**EXERCISE DETAILS:**
If a line of the data below holds the word "overline", list it.

Stored items:
- - -
(* Let $\mathsf{G}$ be a global type. If $\mathsf{G}$ is bounded, then its event structure $\mathcal{S}(\mathsf{G})$ is semantically bounded.
   Context: Participants are ranged over by $\mathsf{p},\mathsf{q},\mathsf{r},\mathsf{s}$ and message labels by $\lambda$. Global types are defined coinductively (and assumed regular, i.e. with finitely many distinct subtrees): $\mathsf{G} ::= \mathsf{p}\to\mathsf{q}:\{\lambda_i;\mathsf{G}_i\}_{i\in I} \mid \mathsf{End}$, with $I$ finite non-empty and the $\lambda_i$ pairwise distinct. A communication is $\alpha=\mathsf{p}\mathsf{q}\lambda$ with $\mathrm{part}(\mathsf{p}\mathsf{q}\lambda)=\{\mathsf{p},\mathsf{q}\}$; a trace is a finite sequence of communications, $\mathrm{part}$ extended to traces by union, $|\sigma|$ its length. $\mathrm{Tr}(\mathsf{End})=\emptyset$, $\mathrm{Tr}(\mathsf{p}\to\mathsf{q}:\{\lambda_i;\mathsf{G}_i\}_{i\in I})=\{\mathsf{p}\mathsf{q}\lambda_i\cdot\sigma\mid i\in I,\ \sigma=\epsilon\text{ or }\sigma\in\mathrm{Tr}(\mathsf{G}_i)\}$. Depth: $\mathrm{depth}(\mathsf{p},\sigma)=|\sigma_1\cdot\alpha|$ if $\sigma=\sigma_1\cdot\alpha\cdot\sigma_2$ with $\mathsf{p}\notin\mathrm{part}(\sigma_1)$ and $\mathsf{p}\in\mathrm{part}(\alpha)$, and $0$ otherwise; $\mathrm{depth}(\mathsf{p},\mathsf{G})=\sup\{\mathrm{depth}(\mathsf{p},\sigma)\mid\sigma\in\mathrm{Tr}(\mathsf{G})\}$. $\mathsf{G}$ is bounded if $\mathrm{depth}(\mathsf{p},\mathsf{G}')$ is finite for every participant $\mathsf{p}$ and every subtree $\mathsf{G}'$ of $\mathsf{G}$. Event structure of $\mathsf{G}$: permutation equivalence $\sim$ is the least equivalence on traces with $\sigma\cdot\alpha\cdot\alpha'\cdot\sigma'\sim\sigma\cdot\alpha'\cdot\alpha\cdot\sigma'$ whenever $\mathrm{part}(\alpha)\cap\mathrm{part}(\alpha')=\emptyset$; $[\sigma]$ is the class of $\sigma$. A non-empty trace $\sigma=\sigma[1]\cdots\sigma[n]$ is pointed if for every $1\le i<n$ there is $j$ with $i<j\le n$ and $\mathrm{part}(\sigma[i])\cap\mathrm{part}(\sigma[j])\ne\emptyset$. A g-event is $[\sigma]$ with $\sigma$ pointed. Causal prefixing: $\alpha\circ[\sigma]=[\alpha\cdot\sigma]$ if $\mathrm{part}(\alpha)\cap\mathrm{part}(\sigma)\ne\emptyset$, $=[\sigma]$ otherwise; $\epsilon\circ\gamma=\gamma$, $(\alpha\cdot\sigma)\circ\gamma=\alpha\circ(\sigma\circ\gamma)$. $\mathrm{ev}(\sigma\cdot\alpha)=\sigma\circ[\alpha]$. Causality: $\gamma\le\gamma'$ if $\gamma=[\sigma]$ and $\gamma'=[\sigma\cdot\sigma']$ for some $\sigma,\sigma'$. Conflict: $\gamma\#\gamma'$ if $\gamma=[\sigma\cdot\mathsf{p}\mathsf{q}\lambda_1\cdot\sigma_1]$, $\gamma'=[\sigma\cdot\mathsf{p}\mathsf{q}\lambda_2\cdot\sigma_2]$ with $\lambda_1\ne\lambda_2$. $\mathcal{S}(\mathsf{G})=(\mathcal{E}(\mathsf{G}),\le_{\mathsf{G}},\#_{\mathsf{G}})$ with $\mathcal{E}(\mathsf{G})=\{\mathrm{ev}(\sigma)\mid\sigma\in\mathrm{Tr}(\mathsf{G})\}$ and the relations restricted to $\mathcal{E}(\mathsf{G})$. Semantic boundedness: for an event structure $S=(E,\le,\#)$ of this kind, a participant $\mathsf{p}$ is in $\mathrm{part}(S)$ if $\mathsf{p}\in\mathrm{part}(\sigma)$ for some $[\sigma]\in E$. For $k\in\mathbb{N}$, $\mathrm{depth}^k(\mathsf{p},[\sigma])=|\sigma|$ if $\sigma=\sigma_1\cdot\alpha_1\cdots\sigma_k\cdot\alpha_k$ with $\mathsf{p}\in\mathrm{part}(\alpha_i)$ and $\mathsf{p}\notin\mathrm{part}(\sigma_i)$ for $i=1,\dots,k$, and $0$ otherwise; $\mathrm{depth}^k(\mathsf{p},S)=\sup\{\mathrm{depth}^k(\mathsf{p},\gamma)\mid\gamma\in E\}$. $S$ is semantically bounded if $\mathrm{depth}^k(\mathsf{p},S)$ is finite for every $\mathsf{p}\in\mathrm{part}(S)$ and every $k\in\mathbb{N}$. *)

theory Defs
  imports Main
begin

codatatype ('p, 'l) gtype =
    End
  | Msg 'p 'p "('l \<times> ('p, 'l) gtype) list"

inductive subtree :: "('p, 'l) gtype \<Rightarrow> ('p, 'l) gtype \<Rightarrow> bool" where
  subtree_refl: "subtree G G"
| subtree_step: "(l, G') \<in> set bs \<Longrightarrow> subtree G'' G' \<Longrightarrow> subtree G'' (Msg p q bs)"

definition regular :: "('p, 'l) gtype \<Rightarrow> bool" where
  "regular G \<longleftrightarrow> finite {G'. subtree G' G}"

definition wf_branching :: "('p, 'l) gtype \<Rightarrow> bool" where
  "wf_branching G \<longleftrightarrow> (\<forall>G'. subtree G' G \<longrightarrow>
      (case G' of End \<Rightarrow> True | Msg p q bs \<Rightarrow> bs \<noteq> [] \<and> distinct (map fst bs)))"

definition global_type :: "('p, 'l) gtype \<Rightarrow> bool" where
  "global_type G \<longleftrightarrow> regular G \<and> wf_branching G"

type_synonym ('p, 'l) comm = "'p \<times> 'p \<times> 'l"
type_synonym ('p, 'l) trace = "('p, 'l) comm list"

fun part :: "('p, 'l) comm \<Rightarrow> 'p set" where
  "part (p, q, l) = {p, q}"

definition part_tr :: "('p, 'l) trace \<Rightarrow> 'p set" where
  "part_tr \<sigma> = (\<Union>a \<in> set \<sigma>. part a)"

inductive trace_of :: "('p, 'l) trace \<Rightarrow> ('p, 'l) gtype \<Rightarrow> bool" where
  Tr_single: "(l, G') \<in> set bs \<Longrightarrow> trace_of [(p, q, l)] (Msg p q bs)"
| Tr_cons: "(l, G') \<in> set bs \<Longrightarrow> trace_of \<sigma> G' \<Longrightarrow> trace_of ((p, q, l) # \<sigma>) (Msg p q bs)"

definition Tr :: "('p, 'l) gtype \<Rightarrow> ('p, 'l) trace set" where
  "Tr G = {\<sigma>. trace_of \<sigma> G}"

definition depth_tr :: "'p \<Rightarrow> ('p, 'l) trace \<Rightarrow> nat" where
  "depth_tr p \<sigma> =
     (if \<exists>\<sigma>1 \<alpha> \<sigma>2. \<sigma> = \<sigma>1 @ \<alpha> # \<sigma>2 \<and> p \<notin> part_tr \<sigma>1 \<and> p \<in> part \<alpha>
      then (THE n. \<exists>\<sigma>1 \<alpha> \<sigma>2. \<sigma> = \<sigma>1 @ \<alpha> # \<sigma>2 \<and> p \<notin> part_tr \<sigma>1 \<and> p \<in> part \<alpha>
                    \<and> n = length (\<sigma>1 @ [\<alpha>]))
      else 0)"

text \<open>depth(p,G) is finite iff the set of trace depths is bounded above.\<close>
definition bounded :: "('p, 'l) gtype \<Rightarrow> bool" where
  "bounded G \<longleftrightarrow> (\<forall>G' p. subtree G' G \<longrightarrow> bdd_above (depth_tr p ` Tr G'))"

inductive perm_step :: "('p, 'l) trace \<Rightarrow> ('p, 'l) trace \<Rightarrow> bool" where
  "part \<alpha> \<inter> part \<alpha>' = {} \<Longrightarrow> perm_step (\<sigma> @ \<alpha> # \<alpha>' # \<sigma>') (\<sigma> @ \<alpha>' # \<alpha> # \<sigma>')"

definition perm_eq :: "('p, 'l) trace \<Rightarrow> ('p, 'l) trace \<Rightarrow> bool" where
  "perm_eq = equivclp perm_step"

type_synonym ('p, 'l) gevent = "('p, 'l) trace set"

definition cls :: "('p, 'l) trace \<Rightarrow> ('p, 'l) gevent" where
  "cls \<sigma> = {\<tau>. perm_eq \<sigma> \<tau>}"

definition pointed :: "('p, 'l) trace \<Rightarrow> bool" where
  "pointed \<sigma> \<longleftrightarrow> \<sigma> \<noteq> [] \<and>
     (\<forall>i. i + 1 < length \<sigma> \<longrightarrow> (\<exists>j. i < j \<and> j < length \<sigma> \<and> part (\<sigma> ! i) \<inter> part (\<sigma> ! j) \<noteq> {}))"

definition is_gevent :: "('p, 'l) gevent \<Rightarrow> bool" where
  "is_gevent \<gamma> \<longleftrightarrow> (\<exists>\<sigma>. pointed \<sigma> \<and> \<gamma> = cls \<sigma>)"

definition part_ev :: "('p, 'l) gevent \<Rightarrow> 'p set" where
  "part_ev \<gamma> = (\<Union>\<sigma> \<in> \<gamma>. part_tr \<sigma>)"

definition cpre :: "('p, 'l) comm \<Rightarrow> ('p, 'l) gevent \<Rightarrow> ('p, 'l) gevent" where
  "cpre \<alpha> \<gamma> = (if part \<alpha> \<inter> part_ev \<gamma> \<noteq> {}
                then {\<tau>. \<exists>\<sigma> \<in> \<gamma>. perm_eq (\<alpha> # \<sigma>) \<tau>} else \<gamma>)"

fun cpre_tr :: "('p, 'l) trace \<Rightarrow> ('p, 'l) gevent \<Rightarrow> ('p, 'l) gevent" where
  "cpre_tr [] \<gamma> = \<gamma>"
| "cpre_tr (\<alpha> # \<sigma>) \<gamma> = cpre \<alpha> (cpre_tr \<sigma> \<gamma>)"

text \<open>ev(sigma . alpha) = sigma o [alpha] (only applied to non-empty traces).\<close>
definition ev :: "('p, 'l) trace \<Rightarrow> ('p, 'l) gevent" where
  "ev \<sigma> = cpre_tr (butlast \<sigma>) (cls [last \<sigma>])"

definition causal :: "('p, 'l) gevent \<Rightarrow> ('p, 'l) gevent \<Rightarrow> bool" where
  "causal \<gamma> \<gamma>' \<longleftrightarrow> (\<exists>\<sigma> \<sigma>'. \<gamma> = cls \<sigma> \<and> \<gamma>' = cls (\<sigma> @ \<sigma>'))"

definition conflict :: "('p, 'l) gevent \<Rightarrow> ('p, 'l) gevent \<Rightarrow> bool" where
  "conflict \<gamma> \<gamma>' \<longleftrightarrow> (\<exists>\<sigma> p q l1 l2 \<sigma>1 \<sigma>2. l1 \<noteq> l2 \<and>
      \<gamma> = cls (\<sigma> @ (p, q, l1) # \<sigma>1) \<and> \<gamma>' = cls (\<sigma> @ (p, q, l2) # \<sigma>2))"

definition events :: "('p, 'l) gtype \<Rightarrow> ('p, 'l) gevent set" where
  "events G = ev ` Tr G"
lemma polyR_mult:
  assumes "f \<in> polyR N" and "g \<in> polyR N"
  shows "(f * g :: 'k::field mpoly) \<in> polyR N"
  unfolding polyR_def
proof (intro CollectI ballI)
  fix e assume "e \<in> Poly_Mapping.keys (f * g)"
  then obtain a b where "e = a + b" "a \<in> Poly_Mapping.keys f" "b \<in> Poly_Mapping.keys g"
    using keys_mult by blast
  with assms keys_add[of a b] show "Poly_Mapping.keys e \<subseteq> {..<N}"
    unfolding polyR_def by blast
qed

lemma one_in_polyR: "(1 :: 'k::field mpoly) \<in> polyR N"
  unfolding polyR_def by simp

lemma is_ideal_polyR: "is_ideal N (polyR N :: 'k::field mpoly set)"
proof -
  have "(0 :: 'k mpoly) \<in> polyR N"
    unfolding polyR_def by simp
  then show ?thesis
    unfolding is_ideal_def using polyR_add polyR_mult by blast
qed

lemma monomial_single_in_monomials:
  "i < N \<Longrightarrow> (monomial (Poly_Mapping.single i k) :: 'k::field mpoly) \<in> monomials N"
  unfolding monomials_def by (intro CollectI exI[of _ "Poly_Mapping.single i k"]) simp

lemma monomials_subset_polyR: "monomials N \<subseteq> (polyR N :: 'k::field mpoly set)"
  unfolding monomials_def polyR_def by (auto simp: keys_monomial)

lemma ideal_gen_least: "is_ideal N I \<Longrightarrow> S \<subseteq> I \<Longrightarrow> ideal_gen N S \<subseteq> I"
  unfolding ideal_gen_def by blast

lemma ideal_gen_superset: "S \<subseteq> ideal_gen N S"
  unfolding ideal_gen_def by blast

lemma ideal_gen_eq_polyR_if_one:
  assumes "S \<subseteq> (polyR N :: 'k::field mpoly set)" and "1 \<in> S"
  shows "ideal_gen N S = polyR N"
proof
  show "ideal_gen N S \<subseteq> polyR N"
    using ideal_gen_least[OF is_ideal_polyR assms(1)] .
  show "polyR N \<subseteq> ideal_gen N S"
  proof
    fix r :: "'k mpoly" assume r: "r \<in> polyR N"
    show "r \<in> ideal_gen N S"
      unfolding ideal_gen_def
    proof (rule InterI)
      fix I assume "I \<in> {I. is_ideal N I \<and> S \<subseteq> I}"
      with assms(2) have "is_ideal N I" and "1 \<in> I"
        by auto
      with r have "r * 1 \<in> I"
        unfolding is_ideal_def by blast
      then show "r \<in> I"
        by simp
    qed
  qed
qed
(* Let $\gamma$ be a Jordan curve in $\mathbb{R}^2$ and let $\gamma[a,b]$ (with $a\neq b$ points of $\gamma$) be contained in an open disk $D$ of radius $1$. Suppose there is an open disk $D_r$ of radius $r\le 1$ such that $\gamma[a,b]\cap\overline{D_r}=\{a,b\}$ and $\gamma$ winds positively around $D_r$ from $a$ to $b$. Then $\gamma$ does not have bounded convex curvature.
   Context: For a Jordan curve $\gamma$, $\operatorname{Int}\gamma$ and $\operatorname{Ext}\gamma$ are the bounded and unbounded components of $\mathbb{R}^2\setminus\gamma$. A parametrization of $\gamma$ is positively oriented if its argument variation (total change of a continuous argument of $\varphi(t)-q$) around every $q\in\operatorname{Int}\gamma$ equals $2\pi$; for circles this is the counterclockwise orientation. For distinct $a,b\in\gamma$, $\gamma[a,b]$ denotes the closed subarc of $\gamma$ traversed from $a$ to $b$ along the positive orientation (applied also to circles $\partial D$), and $\gamma(a,b)=\gamma[a,b]\setminus\{a,b\}$. If $a,b\in\gamma$ are distinct and $D'$ is an open disk with $a,b\in\partial D'$ and $\gamma[a,b]\cap\overline{D'}=\{a,b\}$, let $R$ be the open region bounded by the Jordan curve $\gamma[a,b]\cup\partial D'[a,b]$; then either $D'\subset R$ or $D'\cap R=\emptyset$, and in the latter case $\gamma$ is said to wind positively around $D'$ from $a$ to $b$. $B(x,\varepsilon)$ is the open disk of center $x$ and radius $\varepsilon$. A Jordan curve $\gamma$ has bounded convex curvature if for every $x\in\gamma$ there exist an open disk $U_x$ of radius $1$ and $\varepsilon_x>0$ with $x\in\partial U_x$ and $B(x,\varepsilon_x)\cap U_x\subset\operatorname{Int}\gamma$. *)

theory Defs
  imports "HOL-Complex_Analysis.Complex_Analysis"
begin

text \<open>The plane R^2 is modelled by the complex numbers.\<close>

definition jordan_curve :: "complex set \<Rightarrow> bool" where
  "jordan_curve C \<longleftrightarrow> (\<exists>g. simple_path g \<and> pathfinish g = pathstart g \<and> path_image g = C)"

text \<open>Int of a Jordan curve: the bounded component of the complement (library: inside).
  Positively oriented parametrization: winding number (argument variation / 2 pi) 1
  around every interior point.\<close>

definition pos_param :: "complex set \<Rightarrow> (real \<Rightarrow> complex) \<Rightarrow> bool" where
  "pos_param C g \<longleftrightarrow> simple_path g \<and> pathfinish g = pathstart g \<and> path_image g = C \<and>
     (\<forall>q\<in>inside C. winding_number g q = 1)"

text \<open>The closed subarc C[a,b] traversed from a to b along the positive orientation.
  (Well defined for distinct a, b on a Jordan curve, independent of the chosen
  positively oriented parametrization starting at a.)\<close>

definition pos_arc :: "complex set \<Rightarrow> complex \<Rightarrow> complex \<Rightarrow> complex set" where
  "pos_arc C a b = (SOME A. \<exists>g t. pos_param C g \<and> g 0 = a \<and> 0 < t \<and> t < 1 \<and> g t = b \<and>
                                  A = g ` {0..t})"

definition winds_positively ::
  "complex set \<Rightarrow> complex \<Rightarrow> real \<Rightarrow> complex \<Rightarrow> complex \<Rightarrow> bool" where
  "winds_positively C c r a b \<longleftrightarrow>
     a \<in> sphere c r \<and> b \<in> sphere c r \<and>
     pos_arc C a b \<inter> cball c r = {a, b} \<and>
     ball c r \<inter> inside (pos_arc C a b \<union> pos_arc (sphere c r) a b) = {}"

definition bounded_convex_curvature :: "complex set \<Rightarrow> bool" where
  "bounded_convex_curvature C \<longleftrightarrow>
     (\<forall>x\<in>C. \<exists>u \<epsilon>. x \<in> sphere u 1 \<and> \<epsilon> > 0 \<and> ball x \<epsilon> \<inter> ball u 1 \<subseteq> inside C)"

end

theory Submission
  imports Defs
begin

text \<open>The arc G = C[a,b] and the circular arc A = \<partial>D_r[a,b] bound a Jordan region R which,
  as C winds positively around D_r, is disjoint from D_r and lies just outside the circle near
  the inner points of A. Moving a center p from the center of D_r to that of D, one finds p such
  that the farthest points of closure R from p are at distance \<rho> < 1 while a and b are nearer.
  A farthest point can lie neither in the open set R nor on A, so it is an inner point x of G,
  near which Int C coincides with R. The unit disk U_x of bounded convex curvature touches x
  from inside C, and since \<rho> < 1 it leaves the disk of radius \<rho> about p near x: this gives a
  point of R farther from p than x.\<close>

lemma norm_add_orthonormal_sq:
  fixes d e w :: "'a::real_inner"
  assumes "norm e = 1" "norm w = 1" "e \<bullet> w = 0"
  shows "(norm (d + a *\<^sub>R e + t *\<^sub>R w))\<^sup>2 = (norm d)\<^sup>2 + 2 * (a * (d \<bullet> e)) + 2 * (t * (d \<bullet> w)) + a\<^sup>2 + t\<^sup>2"
  using assms
  by (simp add: power2_norm_eq_inner inner_add_left inner_add_right inner_commute algebra_simps)
    (simp add: power2_eq_square flip: power2_norm_eq_inner)

lemma inner_complex_rotate: "(e::complex) \<bullet> (\<i> * e) = 0"
  by (simp add: inner_complex_def algebra_simps)

lemma exists_farther_point_nearby:
  fixes x p :: "'a::{real_normed_vector,perfect_space}"
  assumes "0 < e"
  shows "\<exists>z\<in>ball x e. dist p x < dist p z"
proof (cases "x = p")
  case True
  obtain z where "z \<noteq> x" "dist z x < e"
    using perfect_choose_dist[OF assms] by blast
  with True show ?thesis by (auto simp: dist_commute)
next
  case False
  define z where "z = x + (e / (2 * dist x p)) *\<^sub>R (x - p)"
  have "z - p = (1 + e / (2 * dist x p)) *\<^sub>R (x - p)"
    by (simp add: z_def algebra_simps)
  then have "dist z p = (1 + e / (2 * dist x p)) * dist x p"
    using assms by (simp add: dist_norm)
  also have "\<dots> = dist x p + e / 2"
    using False by (simp add: field_simps)
  finally have "dist p x < dist p z"
    using assms by (simp add: dist_commute)
  moreover have "dist x z = e / 2"
    using False assms by (simp add: z_def dist_norm)
  ultimately show ?thesis
    using assms by (intro bexI[of _ z]) auto
qed

lemma exists_farther_point_outside_cball:
  fixes y c p :: complex
  assumes "y \<in> sphere c r" "0 < r" "0 < \<delta>"
  shows "\<exists>z\<in>ball y \<delta>. z \<notin> cball c r \<and> dist p y < dist p z"
proof -
  define e where "e = (y - c) / of_real r"
  define w where "w = \<i> * e"
  have "e \<bullet> w = 0"
    unfolding w_def by (rule inner_complex_rotate)
  moreover have "norm e = 1" "y - c = r *\<^sub>R e"
    using assms by (auto simp: e_def dist_norm norm_divide norm_minus_commute scaleR_conv_of_real)
  ultimately have e: "norm e = 1" "norm w = 1" "e \<bullet> w = 0" "y - c = r *\<^sub>R e"
    by (auto simp: w_def norm_mult)
  define t where "t = (if 0 \<le> (y - p) \<bullet> w then \<delta> / 2 else - \<delta> / 2)"
  have t: "0 \<le> t * ((y - p) \<bullet> w)" "0 < t\<^sup>2" "\<bar>t\<bar> < \<delta>"
    using assms(3) by (auto simp: t_def mult_le_0_iff)
  define z where "z = y + t *\<^sub>R w"
  have zy: "dist y z < \<delta>"
    using t e by (simp add: z_def dist_norm)
  have "(norm (z - c))\<^sup>2 = r\<^sup>2 + t\<^sup>2"
    using norm_add_orthonormal_sq[OF e(1-3), of 0 r t] e(4) by (simp add: z_def algebra_simps)
  then have zc: "r < dist c z"
    using t(2) assms(2) by (simp add: dist_norm norm_minus_commute power2_less_imp_less)
  have "(norm (z - p))\<^sup>2 = (norm (y - p))\<^sup>2 + 2 * (t * ((y - p) \<bullet> w)) + t\<^sup>2"
    using norm_add_orthonormal_sq[OF e(1-3), of "y - p" 0 t] by (simp add: z_def algebra_simps)
  then have "(norm (y - p))\<^sup>2 < (norm (z - p))\<^sup>2"
    using t(1,2) by linarith
  then have "norm (y - p) < norm (z - p)"
    by (rule power2_less_imp_less) simp
  then have "dist p y < dist p z"
    by (metis dist_commute dist_norm)
  then show ?thesis
    using zy zc by (intro bexI[of _ z]) auto
qed

text \<open>A circle of radius less than \<rho> bends more sharply than one of radius \<rho>, so near a
  common point the larger disk is not contained in the smaller one.\<close>

lemma exists_farther_point_in_ball:
  fixes x u p :: complex
  assumes "x \<in> sphere u \<rho>" "dist p x < \<rho>" "0 < \<delta>"
  shows "\<exists>z\<in>ball x \<delta>. z \<in> ball u \<rho> \<and> dist p x < dist p z"
proof -
  define d where "d = dist p x"
  have d: "0 \<le> d" "d < \<rho>" using assms(2) by (auto simp: d_def)
  define e where "e = (u - x) / of_real \<rho>"
  define w where "w = \<i> * e"
  have "e \<bullet> w = 0"
    unfolding w_def by (rule inner_complex_rotate)
  moreover have "norm e = 1" "u - x = \<rho> *\<^sub>R e"
    using assms d by (auto simp: e_def dist_norm norm_divide scaleR_conv_of_real)
  ultimately have e: "norm e = 1" "norm w = 1" "e \<bullet> w = 0" "u - x = \<rho> *\<^sub>R e"
    by (auto simp: w_def norm_mult)
  define s where "s = min \<rho> (\<delta>\<^sup>2 / (2 * (\<rho> + d)))"
  have s: "0 < s" "s \<le> \<rho>" "(\<rho> + d) * s < \<delta>\<^sup>2"
  proof -
    show "0 < s" "s \<le> \<rho>" using d assms(3) by (auto simp: s_def)
    have "(\<rho> + d) * s \<le> (\<rho> + d) * (\<delta>\<^sup>2 / (2 * (\<rho> + d)))"
      using d by (intro mult_left_mono) (auto simp: s_def)
    also have "\<dots> = \<delta>\<^sup>2 / 2"
      using d by (simp add: field_simps)
    finally have "(\<rho> + d) * s \<le> \<delta>\<^sup>2 / 2" .
    moreover have "0 < \<delta>\<^sup>2" using assms(3) by simp
    ultimately show "(\<rho> + d) * s < \<delta>\<^sup>2" by linarith
  qed
  define n where "n = x - p"
  \<comment> \<open>choose s e + t w of squared length (\<rho> + d) s: it moves the squared distance to u
    down by (\<rho> - d) s and the one to p up by at least (\<rho> - d) s\<close>
  define t where "t = (if 0 \<le> n \<bullet> w then 1 else -1) * sqrt ((\<rho> + d) * s - s\<^sup>2)"
  have "s\<^sup>2 \<le> (\<rho> + d) * s"
    using s d by (simp add: power2_eq_square mult_right_mono)
  then have t: "0 \<le> t * (n \<bullet> w)" "t\<^sup>2 = (\<rho> + d) * s - s\<^sup>2"
    by (auto simp: t_def mult_le_0_iff power_mult_distrib)
  define z where "z = x + s *\<^sub>R e + t *\<^sub>R w"
  have "(norm (z - x))\<^sup>2 = (\<rho> + d) * s"
    using norm_add_orthonormal_sq[OF e(1-3), of 0 s t] t by (simp add: z_def)
  then have "dist x z < \<delta>"
    using s assms(3) by (simp add: dist_norm norm_minus_commute power2_less_imp_less)
  moreover have "(norm (z - u))\<^sup>2 = \<rho>\<^sup>2 - (\<rho> - d) * s"
  proof -
    have "z - u = 0 + (s - \<rho>) *\<^sub>R e + t *\<^sub>R w"
      using e(4) by (simp add: z_def algebra_simps)
    then have "(norm (z - u))\<^sup>2 = (s - \<rho>)\<^sup>2 + t\<^sup>2"
      using norm_add_orthonormal_sq[OF e(1-3), of 0 "s - \<rho>" t] by simp
    then show ?thesis
      using t(2) by (simp add: power2_diff algebra_simps)
  qed
  then have "dist u z < \<rho>"
    using s d by (simp add: dist_norm norm_minus_commute power2_less_imp_less)
  moreover have "d\<^sup>2 < (norm (z - p))\<^sup>2"
  proof -
    have n: "norm n = d"
      by (simp add: n_def d_def dist_norm norm_minus_commute)
    have "z - p = n + s *\<^sub>R e + t *\<^sub>R w"
      by (simp add: z_def n_def)
    then have "(norm (z - p))\<^sup>2 = d\<^sup>2 + 2 * (s * (n \<bullet> e)) + 2 * (t * (n \<bullet> w)) + s\<^sup>2 + t\<^sup>2"
      by (simp only: norm_add_orthonormal_sq[OF e(1-3)] n)
    moreover have "- (d * s) \<le> s * (n \<bullet> e)"
      using Cauchy_Schwarz_ineq2[of n e] e(1) n s mult_left_mono[of "- d" "n \<bullet> e" s]
      by (simp add: mult.commute)
    moreover have "d * s < \<rho> * s"
      using s d by simp
    ultimately show ?thesis
      using t(1,2) distrib_right[of \<rho> d s] by linarith
  qed
  then have "dist p x < dist p z"
    by (simp add: d_def dist_norm norm_minus_commute power2_less_imp_less)
  ultimately show ?thesis by auto
qed

lemma simple_path_subarcs_Int:
  assumes "simple_path g" "t \<in> {0..1}"
  shows "g ` {0..t} \<inter> g ` {t..1} \<subseteq> {g 0, g t}"
proof
  fix x assume "x \<in> g ` {0..t} \<inter> g ` {t..1}"
  then obtain u v where uv: "u \<in> {0..t}" "v \<in> {t..1}" "x = g u" "g u = g v"
    by auto
  show "x \<in> {g 0, g t}"
  proof (cases "u = v")
    case True
    then show ?thesis using uv by auto
  next
    case False
    then have "u = 0"
      using assms uv unfolding simple_path_def loop_free_def by fastforce
    then show ?thesis using uv by simp
  qed
qed

lemma simple_path_interior_inj:
  assumes "simple_path g" "0 < u" "u < 1" "v \<in> {0..1}" "g u = g v"
  shows "u = v"
  using assms unfolding simple_path_def loop_free_def by fastforce

lemma path_image_split:
  assumes "t \<in> {0..1}"
  shows "path_image g = g ` {0..t} \<union> g ` {t..1}"
proof -
  have "{0..1} = {0..t} \<union> {t..1::real}" using assms by auto
  then show ?thesis by (simp add: path_image_def image_Un)
qed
- - -
**RESULT OF THE EXERCISE:**
(* Let $\gamma$ be a Jordan curve in $\mathbb{R}^2$ and let $\gamma[a,b]$ (with $a\neq b$ points of $\gamma$) be contained in an open disk $D$ of radius $1$. Suppose there is an open disk $D_r$ of radius $r\le 1$ such that $\gamma[a,b]\cap\overline{D_r}=\{a,b\}$ and $\gamma$ winds positively around $D_r$ from $a$ to $b$. Then $\gamma$ does not have bounded convex curvature.
   Context: For a Jordan curve $\gamma$, $\operatorname{Int}\gamma$ and $\operatorname{Ext}\gamma$ are the bounded and unbounded components of $\mathbb{R}^2\setminus\gamma$. A parametrization of $\gamma$ is positively oriented if its argument variation (total change of a continuous argument of $\varphi(t)-q$) around every $q\in\operatorname{Int}\gamma$ equals $2\pi$; for circles this is the counterclockwise orientation. For distinct $a,b\in\gamma$, $\gamma[a,b]$ denotes the closed subarc of $\gamma$ traversed from $a$ to $b$ along the positive orientation (applied also to circles $\partial D$), and $\gamma(a,b)=\gamma[a,b]\setminus\{a,b\}$. If $a,b\in\gamma$ are distinct and $D'$ is an open disk with $a,b\in\partial D'$ and $\gamma[a,b]\cap\overline{D'}=\{a,b\}$, let $R$ be the open region bounded by the Jordan curve $\gamma[a,b]\cup\partial D'[a,b]$; then either $D'\subset R$ or $D'\cap R=\emptyset$, and in the latter case $\gamma$ is said to wind positively around $D'$ from $a$ to $b$. $B(x,\varepsilon)$ is the open disk of center $x$ and radius $\varepsilon$. A Jordan curve $\gamma$ has bounded convex curvature if for every $x\in\gamma$ there exist an open disk $U_x$ of radius $1$ and $\varepsilon_x>0$ with $x\in\partial U_x$ and $B(x,\varepsilon_x)\cap U_x\subset\operatorname{Int}\gamma$. *)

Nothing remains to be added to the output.